■ **What this task involves**
Copy each line below in which the string "forall" occurs.
------ Given records ------
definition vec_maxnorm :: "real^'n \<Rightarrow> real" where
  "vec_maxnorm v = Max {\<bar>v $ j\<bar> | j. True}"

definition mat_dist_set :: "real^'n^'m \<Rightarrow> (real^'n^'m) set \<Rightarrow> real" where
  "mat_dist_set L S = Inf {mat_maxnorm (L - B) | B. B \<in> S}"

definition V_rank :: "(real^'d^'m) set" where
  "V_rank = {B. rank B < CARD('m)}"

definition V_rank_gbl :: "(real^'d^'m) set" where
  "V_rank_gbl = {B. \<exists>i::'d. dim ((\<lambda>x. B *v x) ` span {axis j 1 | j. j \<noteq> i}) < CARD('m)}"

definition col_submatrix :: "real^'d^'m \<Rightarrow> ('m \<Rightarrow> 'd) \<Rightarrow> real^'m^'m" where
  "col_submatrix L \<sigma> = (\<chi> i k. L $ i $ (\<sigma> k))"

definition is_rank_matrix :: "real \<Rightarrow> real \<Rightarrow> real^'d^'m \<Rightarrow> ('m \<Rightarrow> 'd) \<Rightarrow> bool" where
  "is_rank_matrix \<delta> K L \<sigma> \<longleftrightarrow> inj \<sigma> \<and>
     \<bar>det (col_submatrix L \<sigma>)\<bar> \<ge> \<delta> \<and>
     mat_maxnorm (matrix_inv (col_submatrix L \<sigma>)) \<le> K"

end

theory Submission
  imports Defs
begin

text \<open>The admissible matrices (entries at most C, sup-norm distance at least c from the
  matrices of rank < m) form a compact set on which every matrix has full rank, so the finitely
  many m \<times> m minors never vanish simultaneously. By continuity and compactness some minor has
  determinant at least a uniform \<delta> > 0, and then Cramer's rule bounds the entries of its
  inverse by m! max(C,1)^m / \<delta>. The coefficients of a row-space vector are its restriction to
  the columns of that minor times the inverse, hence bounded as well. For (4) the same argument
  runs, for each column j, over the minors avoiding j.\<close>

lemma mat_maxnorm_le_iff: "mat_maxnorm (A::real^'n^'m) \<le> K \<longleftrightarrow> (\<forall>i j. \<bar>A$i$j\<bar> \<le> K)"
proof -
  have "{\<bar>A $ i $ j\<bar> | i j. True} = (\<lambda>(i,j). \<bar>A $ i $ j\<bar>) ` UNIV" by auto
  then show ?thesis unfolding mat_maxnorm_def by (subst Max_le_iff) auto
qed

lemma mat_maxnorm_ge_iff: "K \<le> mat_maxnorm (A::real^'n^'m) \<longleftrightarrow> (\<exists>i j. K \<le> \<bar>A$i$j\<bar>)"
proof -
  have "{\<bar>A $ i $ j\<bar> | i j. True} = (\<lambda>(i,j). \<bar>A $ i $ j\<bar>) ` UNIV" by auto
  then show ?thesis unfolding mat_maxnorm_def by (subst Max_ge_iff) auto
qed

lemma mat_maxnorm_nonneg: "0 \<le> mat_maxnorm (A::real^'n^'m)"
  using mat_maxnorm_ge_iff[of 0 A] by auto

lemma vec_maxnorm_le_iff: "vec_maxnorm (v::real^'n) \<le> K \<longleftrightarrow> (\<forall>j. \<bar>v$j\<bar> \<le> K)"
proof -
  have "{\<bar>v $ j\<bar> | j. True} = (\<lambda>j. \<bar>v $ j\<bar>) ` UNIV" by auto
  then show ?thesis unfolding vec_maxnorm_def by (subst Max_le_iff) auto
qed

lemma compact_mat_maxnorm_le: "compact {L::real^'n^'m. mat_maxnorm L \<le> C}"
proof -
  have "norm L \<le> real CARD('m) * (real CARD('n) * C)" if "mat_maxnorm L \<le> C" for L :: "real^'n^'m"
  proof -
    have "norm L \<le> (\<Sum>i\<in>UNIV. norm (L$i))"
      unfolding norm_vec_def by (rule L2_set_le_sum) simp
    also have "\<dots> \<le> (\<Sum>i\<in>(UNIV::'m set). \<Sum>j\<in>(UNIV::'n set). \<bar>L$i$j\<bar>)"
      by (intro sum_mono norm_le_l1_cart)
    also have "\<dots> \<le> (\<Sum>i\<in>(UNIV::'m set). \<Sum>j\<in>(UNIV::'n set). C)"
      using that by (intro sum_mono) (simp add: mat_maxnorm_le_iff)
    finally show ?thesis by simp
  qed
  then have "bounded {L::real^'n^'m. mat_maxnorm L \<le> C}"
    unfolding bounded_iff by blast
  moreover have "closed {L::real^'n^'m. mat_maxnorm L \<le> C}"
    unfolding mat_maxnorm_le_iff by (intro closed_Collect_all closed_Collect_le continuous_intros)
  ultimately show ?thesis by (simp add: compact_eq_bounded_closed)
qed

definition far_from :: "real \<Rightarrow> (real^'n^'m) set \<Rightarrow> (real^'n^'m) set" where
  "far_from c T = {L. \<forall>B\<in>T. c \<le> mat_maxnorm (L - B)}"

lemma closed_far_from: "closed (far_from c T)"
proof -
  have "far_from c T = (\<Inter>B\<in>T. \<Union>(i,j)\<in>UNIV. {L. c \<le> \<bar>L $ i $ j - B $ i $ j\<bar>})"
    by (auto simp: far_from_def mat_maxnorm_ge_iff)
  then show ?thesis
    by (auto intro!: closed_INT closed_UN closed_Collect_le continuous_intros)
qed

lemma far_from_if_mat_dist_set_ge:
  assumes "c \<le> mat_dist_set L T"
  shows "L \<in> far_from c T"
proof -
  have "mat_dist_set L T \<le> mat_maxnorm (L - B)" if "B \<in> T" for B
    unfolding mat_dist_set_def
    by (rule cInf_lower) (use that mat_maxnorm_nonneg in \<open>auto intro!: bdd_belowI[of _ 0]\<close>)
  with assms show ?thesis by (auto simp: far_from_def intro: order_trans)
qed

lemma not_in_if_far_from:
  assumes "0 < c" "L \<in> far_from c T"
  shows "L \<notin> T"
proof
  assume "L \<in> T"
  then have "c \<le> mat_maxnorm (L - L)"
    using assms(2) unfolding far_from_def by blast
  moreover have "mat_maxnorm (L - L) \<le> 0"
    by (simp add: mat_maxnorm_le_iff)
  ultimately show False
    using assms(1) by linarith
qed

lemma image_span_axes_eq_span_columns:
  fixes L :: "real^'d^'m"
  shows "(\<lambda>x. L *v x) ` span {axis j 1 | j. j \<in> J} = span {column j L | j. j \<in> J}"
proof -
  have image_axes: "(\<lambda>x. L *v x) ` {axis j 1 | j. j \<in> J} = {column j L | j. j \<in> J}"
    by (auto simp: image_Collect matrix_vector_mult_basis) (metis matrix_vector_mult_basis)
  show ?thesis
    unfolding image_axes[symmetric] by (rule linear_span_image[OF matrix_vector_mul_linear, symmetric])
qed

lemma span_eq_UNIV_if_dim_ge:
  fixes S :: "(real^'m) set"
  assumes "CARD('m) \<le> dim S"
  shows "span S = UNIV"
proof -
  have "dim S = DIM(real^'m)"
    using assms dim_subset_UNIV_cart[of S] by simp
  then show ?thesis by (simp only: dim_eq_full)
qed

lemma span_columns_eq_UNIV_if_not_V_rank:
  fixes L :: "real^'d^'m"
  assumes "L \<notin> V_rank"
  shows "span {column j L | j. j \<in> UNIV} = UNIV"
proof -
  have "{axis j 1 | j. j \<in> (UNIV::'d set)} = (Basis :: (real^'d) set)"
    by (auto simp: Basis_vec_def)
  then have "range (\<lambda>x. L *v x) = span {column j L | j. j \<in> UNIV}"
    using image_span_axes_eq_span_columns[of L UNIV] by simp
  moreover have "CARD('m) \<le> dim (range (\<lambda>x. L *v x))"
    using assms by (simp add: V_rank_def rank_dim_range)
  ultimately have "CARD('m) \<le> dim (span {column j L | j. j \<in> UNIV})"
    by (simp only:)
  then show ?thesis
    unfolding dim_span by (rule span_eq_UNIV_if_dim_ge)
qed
------
------ Given records ------
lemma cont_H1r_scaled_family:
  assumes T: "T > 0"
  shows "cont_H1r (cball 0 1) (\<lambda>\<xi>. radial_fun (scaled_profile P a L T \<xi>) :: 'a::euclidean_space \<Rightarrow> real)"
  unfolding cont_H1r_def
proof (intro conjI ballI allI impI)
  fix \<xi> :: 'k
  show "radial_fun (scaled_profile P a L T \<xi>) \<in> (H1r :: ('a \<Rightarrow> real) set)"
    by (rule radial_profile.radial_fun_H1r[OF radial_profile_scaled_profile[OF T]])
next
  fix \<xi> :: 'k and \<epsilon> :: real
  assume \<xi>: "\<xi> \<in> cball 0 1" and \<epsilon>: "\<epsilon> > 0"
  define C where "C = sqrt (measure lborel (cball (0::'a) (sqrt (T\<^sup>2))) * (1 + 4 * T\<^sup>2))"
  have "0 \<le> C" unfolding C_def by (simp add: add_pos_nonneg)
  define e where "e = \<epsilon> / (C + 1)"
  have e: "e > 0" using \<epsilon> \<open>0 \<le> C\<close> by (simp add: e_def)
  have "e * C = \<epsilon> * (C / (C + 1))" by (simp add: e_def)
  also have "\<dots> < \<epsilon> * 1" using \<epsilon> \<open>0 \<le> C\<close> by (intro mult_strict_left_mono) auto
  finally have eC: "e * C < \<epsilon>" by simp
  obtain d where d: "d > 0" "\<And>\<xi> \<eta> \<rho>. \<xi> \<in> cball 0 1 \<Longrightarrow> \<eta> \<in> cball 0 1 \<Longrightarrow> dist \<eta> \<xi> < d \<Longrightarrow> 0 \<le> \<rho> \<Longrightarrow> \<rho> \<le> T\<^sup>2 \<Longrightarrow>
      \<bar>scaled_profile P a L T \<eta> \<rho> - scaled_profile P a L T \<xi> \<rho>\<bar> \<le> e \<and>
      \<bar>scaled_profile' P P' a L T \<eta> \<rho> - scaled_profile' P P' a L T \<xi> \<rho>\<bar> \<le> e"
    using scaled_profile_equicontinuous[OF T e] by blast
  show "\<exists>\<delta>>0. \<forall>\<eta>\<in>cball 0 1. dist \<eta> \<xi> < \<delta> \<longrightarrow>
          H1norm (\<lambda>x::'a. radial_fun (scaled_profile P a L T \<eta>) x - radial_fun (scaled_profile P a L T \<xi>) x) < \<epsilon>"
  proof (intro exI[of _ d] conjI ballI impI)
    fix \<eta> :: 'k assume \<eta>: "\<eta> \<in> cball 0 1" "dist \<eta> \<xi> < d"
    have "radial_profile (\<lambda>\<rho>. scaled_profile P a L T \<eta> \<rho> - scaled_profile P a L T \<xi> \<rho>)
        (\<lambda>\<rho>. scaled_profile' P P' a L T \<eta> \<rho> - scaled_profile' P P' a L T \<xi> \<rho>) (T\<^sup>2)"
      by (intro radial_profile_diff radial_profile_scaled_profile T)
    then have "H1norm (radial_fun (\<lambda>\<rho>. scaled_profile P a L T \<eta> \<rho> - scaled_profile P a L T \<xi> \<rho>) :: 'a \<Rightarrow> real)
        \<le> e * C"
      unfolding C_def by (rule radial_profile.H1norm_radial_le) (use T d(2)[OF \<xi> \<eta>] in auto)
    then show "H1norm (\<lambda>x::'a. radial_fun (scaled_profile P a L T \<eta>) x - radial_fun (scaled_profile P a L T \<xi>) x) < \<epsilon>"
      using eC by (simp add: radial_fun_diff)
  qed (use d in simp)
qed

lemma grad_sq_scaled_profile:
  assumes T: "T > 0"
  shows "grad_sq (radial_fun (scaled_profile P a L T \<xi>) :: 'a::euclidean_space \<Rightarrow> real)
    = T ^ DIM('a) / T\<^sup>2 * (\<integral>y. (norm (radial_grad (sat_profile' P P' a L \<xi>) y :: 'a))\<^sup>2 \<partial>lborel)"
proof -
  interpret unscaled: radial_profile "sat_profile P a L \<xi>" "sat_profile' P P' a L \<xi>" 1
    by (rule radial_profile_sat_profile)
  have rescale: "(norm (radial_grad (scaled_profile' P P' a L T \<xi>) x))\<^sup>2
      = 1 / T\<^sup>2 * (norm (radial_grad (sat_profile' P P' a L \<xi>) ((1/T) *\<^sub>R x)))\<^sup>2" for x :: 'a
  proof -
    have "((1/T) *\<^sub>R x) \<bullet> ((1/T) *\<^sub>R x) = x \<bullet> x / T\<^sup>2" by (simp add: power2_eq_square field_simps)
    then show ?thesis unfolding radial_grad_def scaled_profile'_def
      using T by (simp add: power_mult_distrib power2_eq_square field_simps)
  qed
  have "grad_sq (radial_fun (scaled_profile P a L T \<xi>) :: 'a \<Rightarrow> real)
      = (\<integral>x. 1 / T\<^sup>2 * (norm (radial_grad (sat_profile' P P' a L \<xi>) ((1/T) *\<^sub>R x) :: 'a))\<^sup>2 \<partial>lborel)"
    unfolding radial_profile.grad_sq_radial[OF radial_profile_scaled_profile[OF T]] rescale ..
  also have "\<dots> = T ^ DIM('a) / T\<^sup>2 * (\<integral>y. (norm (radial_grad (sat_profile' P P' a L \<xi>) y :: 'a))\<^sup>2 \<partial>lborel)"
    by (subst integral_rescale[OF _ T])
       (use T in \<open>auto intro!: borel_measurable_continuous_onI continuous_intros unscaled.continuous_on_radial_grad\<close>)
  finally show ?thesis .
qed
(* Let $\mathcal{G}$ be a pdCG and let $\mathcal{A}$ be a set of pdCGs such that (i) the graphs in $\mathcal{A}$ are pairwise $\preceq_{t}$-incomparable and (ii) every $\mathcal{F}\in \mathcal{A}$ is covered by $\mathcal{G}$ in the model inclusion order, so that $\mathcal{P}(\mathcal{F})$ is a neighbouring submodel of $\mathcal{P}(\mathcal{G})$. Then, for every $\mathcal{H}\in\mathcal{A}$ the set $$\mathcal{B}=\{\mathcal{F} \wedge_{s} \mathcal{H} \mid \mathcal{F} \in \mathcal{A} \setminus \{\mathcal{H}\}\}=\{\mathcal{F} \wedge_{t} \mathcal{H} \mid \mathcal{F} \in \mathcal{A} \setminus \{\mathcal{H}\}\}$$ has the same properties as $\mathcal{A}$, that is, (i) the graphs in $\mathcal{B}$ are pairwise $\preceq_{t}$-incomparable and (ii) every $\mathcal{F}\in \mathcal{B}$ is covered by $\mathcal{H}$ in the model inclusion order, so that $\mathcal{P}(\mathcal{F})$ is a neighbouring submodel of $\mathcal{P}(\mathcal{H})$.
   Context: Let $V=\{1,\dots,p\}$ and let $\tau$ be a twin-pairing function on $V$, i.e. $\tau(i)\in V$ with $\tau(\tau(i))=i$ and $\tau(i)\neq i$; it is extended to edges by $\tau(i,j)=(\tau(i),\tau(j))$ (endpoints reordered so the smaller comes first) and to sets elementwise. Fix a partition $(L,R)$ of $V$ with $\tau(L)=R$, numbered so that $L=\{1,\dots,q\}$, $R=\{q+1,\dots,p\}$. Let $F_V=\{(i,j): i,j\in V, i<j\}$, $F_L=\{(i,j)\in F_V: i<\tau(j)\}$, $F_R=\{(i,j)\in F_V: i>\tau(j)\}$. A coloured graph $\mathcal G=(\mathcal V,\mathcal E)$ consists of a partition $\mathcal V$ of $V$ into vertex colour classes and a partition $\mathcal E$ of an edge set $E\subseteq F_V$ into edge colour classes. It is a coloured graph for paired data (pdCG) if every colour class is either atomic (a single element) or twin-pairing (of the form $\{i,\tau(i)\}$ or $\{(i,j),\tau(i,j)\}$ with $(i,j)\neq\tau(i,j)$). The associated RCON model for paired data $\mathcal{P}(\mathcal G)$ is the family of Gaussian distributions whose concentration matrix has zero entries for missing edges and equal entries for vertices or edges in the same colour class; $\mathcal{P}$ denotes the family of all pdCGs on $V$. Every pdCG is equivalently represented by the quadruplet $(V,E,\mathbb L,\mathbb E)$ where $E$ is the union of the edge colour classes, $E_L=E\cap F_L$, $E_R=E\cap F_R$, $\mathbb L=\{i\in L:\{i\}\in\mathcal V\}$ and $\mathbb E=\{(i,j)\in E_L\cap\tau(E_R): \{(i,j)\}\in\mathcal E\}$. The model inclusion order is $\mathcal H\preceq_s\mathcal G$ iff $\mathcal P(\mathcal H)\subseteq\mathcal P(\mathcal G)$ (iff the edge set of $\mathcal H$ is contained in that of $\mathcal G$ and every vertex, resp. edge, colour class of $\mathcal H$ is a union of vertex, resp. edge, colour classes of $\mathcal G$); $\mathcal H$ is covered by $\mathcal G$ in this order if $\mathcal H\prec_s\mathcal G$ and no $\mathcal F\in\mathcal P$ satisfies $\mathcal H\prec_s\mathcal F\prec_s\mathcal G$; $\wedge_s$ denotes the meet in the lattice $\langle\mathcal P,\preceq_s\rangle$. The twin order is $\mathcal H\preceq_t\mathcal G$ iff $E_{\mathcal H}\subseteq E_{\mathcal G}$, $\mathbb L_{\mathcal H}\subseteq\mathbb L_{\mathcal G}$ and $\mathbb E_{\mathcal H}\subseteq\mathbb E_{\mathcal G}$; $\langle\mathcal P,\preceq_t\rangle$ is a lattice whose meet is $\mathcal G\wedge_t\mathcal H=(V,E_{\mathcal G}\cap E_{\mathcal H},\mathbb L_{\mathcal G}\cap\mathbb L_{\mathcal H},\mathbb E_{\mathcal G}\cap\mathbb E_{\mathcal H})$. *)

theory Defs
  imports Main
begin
------
■ **Your solution**
lemma mat_maxnorm_le_iff: "mat_maxnorm (A::real^'n^'m) \<le> K \<longleftrightarrow> (\<forall>i j. \<bar>A$i$j\<bar> \<le> K)"
lemma vec_maxnorm_le_iff: "vec_maxnorm (v::real^'n) \<le> K \<longleftrightarrow> (\<forall>j. \<bar>v$j\<bar> \<le> K)"
  "far_from c T = {L. \<forall>B\<in>T. c \<le> mat_maxnorm (L - B)}"
  show "\<exists>\<delta>>0. \<forall>\<eta>\<in>cball 0 1. dist \<eta> \<xi> < \<delta> \<longrightarrow>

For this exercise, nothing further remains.